On Bristol’s southern fringes, home to some of the city’s poorest communities, a rough track leads into what appears to be an abandoned wasteland, covered with mounds of tangled brambles and a giant pile of rubbish. 

This is perhaps the last place you’d expect to find clues about how to make the city’s food system more resilient to climate breakdown. But in fact it is home to a model-breaking urban growing project: Lush Greens.

“This is an indication of what can be done on a relatively small piece of unloved land,” says one of the main growers, Jimmy Thompson, 30, taking shelter in the shade after an exhausting morning picking and packing in the early summer heat. “Once upon a time Bristol would have been served by market gardens and it can be again. I’m not claiming this type of growing will feed everyone, but it is definitely part of the answer.”  

The non-profit market garden, which has rented the land from the council since 2020, has for the first time started providing affordable boxes of vegetables to local people in Whitchurch on a pay-what-you-can basis (with guidelines prices ranging from £6.50 for those on a lower income to £9.75 for middle incomes – which is how much it costs to produce – and £19.50 for those on a higher income). It also supplies four food banks catering for hundreds of people across the city unable to afford surging food costs.

These results are based on the harvest from a single site. So could expanding urban growing provide a more secure, affordable, and sustainable way of producing some of the food Bristol needs? And what would need to happen to make that process a reality?

Long supply chains

Beetroots, cabbages, and sugar snap peas line the hand-weeded soil at the Lush Greens site, which is never ploughed to enable it to hold more carbon and water. The other main grower, Olly Jamieson, 28, explains the garden is run on agroecological principles, which means trying to minimise the impact of farming on nature, wildlife, and the climate. 

“We are not using synthetically produced fertilisers, pesticides, and herbicides on these peas,” he says, picking a handful of waxy pods. “We are not driving them in a fossil fuel-burning van to a depot and then flying them around the world.

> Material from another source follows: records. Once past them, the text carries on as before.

lemma wedge_affine_right:
  assumes "finite S"
  shows "wedge f (affine l) S = f S + (\<Sum>a\<in>S. shuffle_sign S {a} * l a * f (S - {a}))"
proof -
  let ?G = "\<lambda>I. shuffle_sign (S - I) I * f (S - I) * affine l I"
  have "?G I = 0" if "I \<in> Pow S - insert {} ((\<lambda>a. {a}) ` S)" for I
  proof -
    from that assms have "finite I" "I \<noteq> {}" "\<forall>a. I \<noteq> {a}" by (auto intro: finite_subset)
    then have "card I \<noteq> 0" "card I \<noteq> 1" by (auto simp: card_1_singleton_iff)
    then have "2 \<le> card I" by linarith
    then show ?thesis by (simp add: affine_eq_0)
  qed
  then have "wedge f (affine l) S = (\<Sum>I\<in>insert {} ((\<lambda>a. {a}) ` S). ?G I)"
    unfolding wedge_eq_sum_complement using assms by (intro sum.mono_neutral_right) auto
  also have "\<dots> = ?G {} + (\<Sum>a\<in>S. ?G {a})"
    using assms by (subst sum.insert) (auto simp: sum.reindex inj_on_def)
  finally show ?thesis by (simp add: ac_simps)
qed

lemma wedge_affine_eq_0:
  assumes "finite S" "f S = 0" "\<And>a. a \<in> S \<Longrightarrow> l a * f (S - {a}) = 0"
  shows "wedge f (affine l) S = 0"
  unfolding wedge_affine_right[OF assms(1)] by (simp add: assms(2,3) mult.assoc)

We are not refrigerating them for ages. There is a dramatic difference between the fossil fuel intensity of our peas and most peas sold in supermarkets [which tend to be grown in Kenya].”

Lush Greens’ produce supplies pay-what-you-can boxes to local people in south Bristol (photographs: Henry Kenyon)

The kinds of long supply chains he’s referring to, sometimes spanning multiple continents, are not only fossil fuel guzzling. They also leave food systems vulnerable to sudden, external shocks. Over the last few years, droughts, heatwaves, Covid-driven shortages, and wars have led to gaps on supermarket shelves and price hikes in the UK. 

In April, tomatoes, cucumbers, and peppers ran out in lots of stores when harvesting was disrupted by soaring temperatures in the southern Spanish regions, which provide so much of our salad veg. Such extreme weather events are becoming more common as the planet heats – and models indicate they will eventually become the new normal, with some economists suggesting climate change-driven food inflation is here to stay. 

In Bristol, there were 96 active growing sites as of 2021. These include 11 market gardens, where fruit and vegetables are grown on a small scale, eight city farms, which grow crops and keep animals, and 75 community projects, where grassroots groups create growing spaces in places like parks and streets. There are also around 4,500 council allotments. 

While these urban growers’ overall contribution is relatively small, new research suggests the potential is considerable. One major study by Lancaster and Liverpool Universities last year found that 26 towns and cities across the UK, including Bristol, could produce enough fruit and vegetables from their urban green spaces to meet the dietary needs of their local populations. 

‘The barrier is the lack of land’

Steph Wetherell, the coordinator of Bristol Food Producers, which represents lots of small agroecological farms in and around Bristol, says local producers gave a glimpse of this potential when supermarkets struggled to fill their shelves during the pandemic. 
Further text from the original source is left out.